Currently, I have something like this:

self.process = subprocess.Popen(self.cmd, stdout=subprocess.PIPE)
out, err = self.process.communicate()

The command I'm running streams the output, and I need the process to block before continuing.

How do I make it so that I can capture the streaming output AND have the streaming output printing through stdout? When I set stdout=subprocess.PIPE, I can capture the output, but it won't print the output. If I leave out stdout=subprocess.PIPE, it prints the output, but communicate() will return None.

Is there a solution that would do what I'm asking for WHILE providing blocking until the process is terminated/completed AND avoid buffer issues and pipe deadlock issues mentioned here?

Thanks!

回答1:

I can think of a few solutions.

#1: You can just go into the source to grab the code for communicate, copy and paste it, adding in code that prints each line as it comes in as well as buffering things up. (If its possible for your own stdout to block because of, say, a deadlocked parent, you can use a threading.Queue or something instead.) This is obviously a bit hacky, but it's pretty easy, and will be safe.

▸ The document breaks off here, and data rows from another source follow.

lemma in_T_gen: "k \<in> {1..n} \<Longrightarrow> in_T n (gen k)"
  by (auto simp: in_T_def gen_def)

lemma in_T_tmul:
  assumes "in_T n a" and "in_T n b"
  shows "in_T n (tmul a b)"
  unfolding in_T_def
proof (intro allI impI)
  fix w :: "nat list"
  assume w: "\<not> set w \<subseteq> {1..n}"
  show "tmul a b w = 0"
    unfolding tmul_def
  proof (rule sum.neutral, intro ballI)
    fix i
    have "set w = set (take i w) \<union> set (drop i w)"
      by (metis append_take_drop_id set_append)
    then have "\<not> set (take i w) \<subseteq> {1..n} \<or> \<not> set (drop i w) \<subseteq> {1..n}"
      using w by auto
    then show "a (take i w) * b (drop i w) = 0"
      using assms by (auto simp: in_T_def)
  qed
qed

lemma in_T_tpow: "in_T n a \<Longrightarrow> in_T n (tpow a k)"
  by (induction k) (simp_all add: in_T_tone in_T_tmul)

lemma in_T_tsubst: "in_T n a \<Longrightarrow> in_T n (tsubst c a)"
  using in_T_tpow unfolding in_T_def tsubst_def by (auto intro!: sum.neutral)

lemma in_T_tsubst_fps: "in_T n a \<Longrightarrow> in_T n (tsubst_fps f a)"
  by (simp add: tsubst_fps_def in_T_tsubst)

lemma in_T_foldr_tmul: "(\<And>a. a \<in> set as \<Longrightarrow> in_T n a) \<Longrightarrow> in_T n (foldr tmul as tone)"
  by (induction as) (auto simp: in_T_tone intro: in_T_tmul)

lemma tser_decomp_left:
  assumes "in_T n b"
  shows "b = tscale (b []) tone + (\<Sum>i\<in>{1..n}. tmul (gen i) (lquot i b))"
proof (rule ext)
  fix w
  show "b w = (tscale (b []) tone + (\<Sum>i\<in>{1..n}. tmul (gen i) (lquot i b))) w"
  proof (cases w)
    case Nil
    then show ?thesis by (simp add: sum_fun_apply)
  next
    case (Cons x v)
    have "(\<Sum>i\<in>{1..n}. tmul (gen i) (lquot i b) (x # v)) = (if x \<in> {1..n} then b (x # v) else 0)"
      by (simp add: tmul_gen_Cons lquot_def if_distrib cong: if_cong)
    also have "\<dots> = b (x # v)"
      using assms by (auto simp: in_T_def)
    finally show ?thesis
      using Cons by (simp add: sum_fun_apply)
  qed
qed

lemma tser_decomp_right:
  assumes "in_T n b"
  shows "b = tscale (b []) tone + (\<Sum>i\<in>{1..n}. tmul (rquot i b) (gen i))"
proof (rule ext)
  fix w
  show "b w = (tscale (b []) tone + (\<Sum>i\<in>{1..n}. tmul (rquot i b) (gen i))) w"
  proof (cases w rule: rev_exhaust)
    case Nil
    then show ?thesis by (simp add: sum_fun_apply)
  next
    case (snoc v x)
    have "(\<Sum>i\<in>{1..n}. tmul (rquot i b) (gen i) (v @ [x])) = (if x \<in> {1..n} then b (v @ [x]) else 0)"
      by (simp add: tmul_gen_snoc rquot_def if_distrib cong: if_cong)
    also have "\<dots> = b (v @ [x])"
      using assms by (auto simp: in_T_def)
    finally show ?thesis
      using snoc by (simp add: sum_fun_apply tone_def)
  qed
qed

section \<open>The operation \<open>\<star>\<close>\<close>

lemma star_diff_left: "star (a - b) c = star a c - star b c"
  by (rule ext) (simp add: star_def sum_subtractf[symmetric] algebra_simps)

lemma star_diff_right: "star a (b - c) = star a b - star a c"
  by (rule ext) (simp add: star_def sum_subtractf[symmetric] algebra_simps)

lemma star_uminus_left: "star (- a) c = - star a c"
  by (rule ext) (simp add: star_def sum_negf[symmetric])

lemma star_uminus_right: "star a (- c) = - star a c"
  by (rule ext) (simp add: star_def sum_negf[symmetric])

lemma star_eq_sum_quot:
  assumes b: "in_T n b"
  shows "star a b = - (\<Sum>i\<in>{1..n}. tmul (rquot i a) (tmul (gen i) (lquot i b)))"
proof (rule ext)
  fix w :: "nat list"
  let ?t = "\<lambda>i j. if w ! j = i then a (take j w @ [i]) * b (i # drop (Suc j) w) else 0"
  have "(\<Sum>i\<in>{1..n}. tmul (rquot i a) (tmul (gen i) (lquot i b)) w)
      = (\<Sum>i\<in>{1..n}. \<Sum>j<length w. ?t i j)"
    by (simp add: tmul_tmul_gen_apply rquot_def lquot_def)
  also have "\<dots> = (\<Sum>j<length w. \<Sum>i\<in>{1..n}. ?t i j)"
    by (rule sum.swap)
  also have "\<dots> = (\<Sum>j<length w. a (take j w @ [w ! j]) * b (drop j w))"
  proof (rule sum.cong)
    fix j
    assume "j \<in> {..<length w}"
    then have dj: "drop j w = w ! j # drop (Suc j) w"
      by (simp add: Cons_nth_drop_Suc)
    then have "w ! j \<notin> {1..n} \<Longrightarrow> b (drop j w) = 0"
      using b unfolding in_T_def by (metis list.set_intros(1) subsetD)
    then show "(\<Sum>i\<in>{1..n}. ?t i j) = a (take j w @ [w ! j]) * b (drop j w)"
      by (auto simp: dj sum.delta)
  qed simp
  finally show "star a b w = (- (\<Sum>i\<in>{1..n}. tmul (rquot i a) (tmul (gen i) (lquot i b)))) w"
    by (simp add: star_def sum_fun_apply sum_negf)
qed

lemma x0_Nil: "x0 n [] = 0"
  by (simp add: x0_def sum_fun_apply)

lemma in_T_x0: "in_T n (x0 n)"
  unfolding x0_def by (intro in_T_uminus in_T_sum in_T_gen)

lemma lquot_x0: "i \<in> {1..n} \<Longrightarrow> lquot i (x0 n) = - tone"
  by (simp add: x0_def lquot_uminus lquot_sum lquot_gen)

lemma rquot_x0: "i \<in> {1..n} \<Longrightarrow> rquot i (x0 n) = - tone"
  by (simp add: x0_def rquot_uminus rquot_sum rquot_gen)

lemma star_tmul_x0_left:
  assumes "in_T n b" and "b [] = 0"
  shows "star (tmul u (x0 n)) b = tmul u b"
proof -
  have "star (tmul u (x0 n)) b
      = - (\<Sum>i\<in>{1..n}. tmul (rquot i (tmul u (x0 n))) (tmul (gen i) (lquot i b)))"
    by (rule star_eq_sum_quot[OF assms(1)])
  also have "\<dots> = tmul u (\<Sum>i\<in>{1..n}. tmul (gen i) (lquot i b))"
    by (simp add: rquot_tmul rquot_x0 x0_Nil tmul_uminus_left tmul_uminus_right sum_negf
        tmul_sum_right zero_fun_def[symmetric] tscale_def)
  also have "(\<Sum>i\<in>{1..n}. tmul (gen i) (lquot i b)) = b"
    using tser_decomp_left[OF assms(1)] assms(2) by (simp add: tscale_def zero_fun_def[symmetric])
  finally show ?thesis .
qed

lemma star_tmul_x0_right:
  assumes "in_T n a" and "a [] = 0" and "in_T n v"
  shows "star a (tmul (x0 n) v) = tmul a v"
proof -
  have "star a (tmul (x0 n) v)
      = - (\<Sum>i\<in>{1..n}. tmul (rquot i a) (tmul (gen i) (lquot i (tmul (x0 n) v))))"
    by (rule star_eq_sum_quot) (intro in_T_tmul in_T_x0 assms(3))
  also have "\<dots> = tmul (\<Sum>i\<in>{1..n}. tmul (rquot i a) (gen i)) v"
    by (simp add: lquot_tmul lquot_x0 x0_Nil tmul_uminus_left tmul_uminus_right sum_negf
        tmul_sum_left zero_fun_def[symmetric] tscale_def tmul_assoc)
  also have "(\<Sum>i\<in>{1..n}. tmul (rquot i a) (gen i)) = a"
    using tser_decomp_right[OF assms(1)] assms(2) by (simp add: tscale_def zero_fun_def[symmetric])
  finally show ?thesis .
qed

text \<open>At a word \<open>w = v x\<close>, the only term of \<open>(D \<star> Y)(w)\<close> not involving a shorter
  prefix of \<open>w\<close> is \<open>-D(w) Y(x)\<close>.\<close>

lemma star_left_cancel:
  assumes D: "in_T n D" "D [] = 0" "star D Y = 0"
    and Y: "\<And>k. k \<in> {1..n} \<Longrightarrow> Y [k] \<noteq> 0"
  shows "D = 0"
proof (rule ext)
  fix w
  show "D w = 0 w"
  proof (induction w rule: length_induct)
    case (1 w)
    show ?case
    proof (cases w rule: rev_exhaust)
      case Nil
      then show ?thesis using D(2) by simp
    next
      case (snoc v x)
      have shorter: "D (take j w @ [w ! j]) = 0" if "j < length v" for j
      proof -
        have "take j w @ [w ! j] = take (Suc j) w"
          using that snoc by (simp add: take_Suc_conv_app_nth nth_append)
        then show ?thesis
          using 1 that snoc by simp
      qed
      have "0 = star D Y w"
        using D(3) by simp
      also have "\<dots> = (\<Sum>j<length v. - D (take j w @ [w ! j]) * Y (drop j w)) - D w * Y [x]"
        by (simp add: star_def snoc)
      also have "\<dots> = - D w * Y [x]"
        by (simp add: shorter)
      finally have "D w * Y [x] = 0"
        by simp
      moreover have "x \<in> {1..n} \<Longrightarrow> Y [x] \<noteq> 0"
        by (rule Y)
      moreover have "x \<notin> {1..n} \<Longrightarrow> D w = 0"
        using D(1) snoc by (auto simp: in_T_def)
      ultimately show ?thesis
        by auto
    qed
  qed
qed

section \<open>Power series identities\<close>

definition negexp_quot :: "rat fps" where
  "negexp_quot = fps_shift 1 (fps_exp (-1) - 1)"

definition ln_quot :: "rat fps" where
  "ln_quot = fps_shift 1 (fps_ln 1)"

definition s_fps :: "rat fps" where
  "s_fps = Abs_fps s_coeff"

definition q_fps :: "rat fps" where
  "q_fps = Abs_fps q_coeff"

lemma X_times_negexp_quot: "fps_X * negexp_quot = fps_exp (-1) - 1"
  unfolding negexp_quot_def by (intro fps_ext) (auto simp: fps_X_mult_nth)

lemma negexp_quot_nth_0: "negexp_quot $ 0 = -1"
  by (simp add: negexp_quot_def)

lemma inverse_negexp_quot: "inverse negexp_quot * negexp_quot = 1"
  by (simp add: inverse_mult_eq_1 negexp_quot_nth_0)

lemma fls_inverse_exp_neg_minus_1:
  "inverse (fps_to_fls (fps_exp (-1) - 1)) = fls_X_inv * fps_to_fls (inverse negexp_quot)"
proof -
  have "inverse (fps_to_fls (fps_exp (-1) - 1)) = inverse (fls_X * fps_to_fls negexp_quot)"
    by (simp flip: X_times_negexp_quot add: fls_times_fps_to_fls)
  also have "\<dots> = fls_X_inv * fps_to_fls (inverse negexp_quot)"
    by (simp add: fls_inverse_X fls_inverse_fps_to_fls subdegree_eq_0_iff negexp_quot_nth_0)
  finally show ?thesis .
qed

lemma fls_X_inv_times_X: "fls_X_inv * (fls_X :: rat fls) = 1"
  by (simp flip: fls_inverse_X)

lemma s_fps_times_X: "s_fps * fps_X = inverse negexp_quot + 1"
proof -
  define c where "c = fps_shift 1 (inverse negexp_quot + 1)"
  have c: "fps_X * c = inverse negexp_quot + 1"
    unfolding c_def by (intro fps_ext) (auto simp: fps_X_mult_nth negexp_quot_nth_0)
  have "inverse (fps_to_fls (fps_exp (-1) - 1)) + fls_X_inv
      = fls_X_inv * fps_to_fls (inverse negexp_quot + 1)"
    unfolding fls_inverse_exp_neg_minus_1 by (simp add: algebra_simps)
  also have "\<dots> = fls_X_inv * fls_X * fps_to_fls c"
    by (simp flip: c add: fls_times_fps_to_fls mult.assoc)
  finally have "s_fps = c"
    by (simp add: s_fps_def s_coeff_def fls_X_inv_times_X fps_ext)
  then show ?thesis
    using c by (simp add: mult.commute)
qed

lemma q_fps_eq: "q_fps = s_fps * fps_X ^ 2 - fps_X"
proof -
  have "fls_X ^ 2 * inverse (fps_to_fls (fps_exp (-1) - 1))
      = fls_X * (fls_X_inv * fls_X) * fps_to_fls (inverse negexp_quot)"
    unfolding fls_inverse_exp_neg_minus_1 by (simp add: power2_eq_square algebra_simps)
  also have "\<dots> = fps_to_fls (fps_X * inverse negexp_quot)"
    by (simp add: fls_X_inv_times_X fls_times_fps_to_fls)
  finally have "q_fps = fps_X * inverse negexp_quot"
    by (simp add: q_fps_def q_coeff_def fps_ext)
  also have "\<dots> = (s_fps * fps_X) * fps_X - fps_X"
    unfolding s_fps_times_X by (simp add: algebra_simps)
  finally show ?thesis
    by (simp add: power2_eq_square mult.assoc)
qed

lemma s_fps_exp_identity: "(1 - s_fps * fps_X) * (fps_exp 1 - 1) = fps_X * fps_exp 1"
proof -
  have "fps_exp 1 * fps_exp (-1) = (1 :: rat fps)"
    by (simp flip: fps_exp_add_mult)
  then have e: "fps_exp 1 - 1 = - (fps_X * negexp_quot * fps_exp 1)"
    by (simp add: X_times_negexp_quot algebra_simps)
  have "(1 - s_fps * fps_X) * (fps_exp 1 - 1)
      = (- inverse negexp_quot) * (- (fps_X * negexp_quot * fps_exp 1))"
    by (simp only: s_fps_times_X e) simp
  also have "\<dots> = (inverse negexp_quot * negexp_quot) * fps_X * fps_exp 1"
    by (simp add: algebra_simps)
  finally show ?thesis
    by (simp add: inverse_negexp_quot)
qed

lemma fps_ln_eq_X_times_ln_quot: "fps_ln 1 = fps_X * ln_quot"
  unfolding ln_quot_def by (intro fps_ext) (auto simp: fps_X_mult_nth)

lemma fps_exp_compose_ln: "fps_exp 1 oo fps_ln 1 = 1 + (fps_X :: rat fps)"
proof -
  have "(fps_exp 1 - 1) oo fps_ln 1 = (fps_X :: rat fps)"
    using fps_inv_fps_exp_compose(2)[of "1::rat"] by (simp add: fps_ln_fps_exp_inv)
  then show ?thesis
    by (simp add: fps_compose_sub_distrib algebra_simps)
qed

lemma inverse_one_plus_X: "inverse (1 + fps_X) * (1 + fps_X) = (1 :: rat fps)"
  by (simp add: inverse_mult_eq_1)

But really, communicate is complicated because it needs to be fully general, and handle cases you don't. All you need here is the central trick: throw threads at the problem. A dedicated reader thread that doesn't do anything slow or blocking between read calls is all you need.

Something like this:

self.process = subprocess.Popen(self.cmd, stdout=subprocess.PIPE)
lines = []
def reader():
    for line in self.process.stdout:
        lines.append(line)
        sys.stdout.write(line)
t = threading.Thread(target=reader)
t.start()
self.process.wait()
t.join()

You may need some error handling in the reader thread. And I'm not 100% sure you can safely use readline here. But this will either work, or be close.

#2: Or you can create a wrapper class that takes a file object and tees to stdout/stderr every time anyone reads from it. Then create the pipes manually, and pass in wrapped pipes, instead of using the automagic PIPE. This has the exact same issues as #1 (meaning either no issues, or you need to use a Queue or something if sys.stdout.write can block).

Something like this:

class TeeReader(object):
    def __init__(self, input_file, tee_file):
        self.input_file = input_file
        self.tee_file = tee_file
    def read(self, size=-1):
        ret = self.input_file.read(size)
        if ret:
            self.tee_file.write(ret)
        return ret

In other words, it wraps a file object (or something that acts like one), and acts like a file object. (When you use PIPE, process.stdout is a real file object on Unix, but may just be something that acts like on on Windows.) Any other methods you need to delegate to input_file can probably be delegated directly, without any extra wrapping. Either try this and see what methods communicate gets AttributeExceptions looking for and code those those explicitly, or do the usual __getattr__ trick to delegate everything. PS, if you're worried about this "file object" idea meaning disk storage, read Everything is a file at Wikipedia.

#3: Finally, you can grab one of the "async subprocess" modules on PyPI or included in twisted or other async frameworks and use that. (This makes it possible to avoid the deadlock problems, but it's not guaranteed—you still have to make sure to services the pipes properly.)

回答2:

The output goes to your calling process, essentially capturing the stdout from self.cmd, so that output does not go anywhere else.

What you need to do is to print it from the 'parent' process if you want to see the output.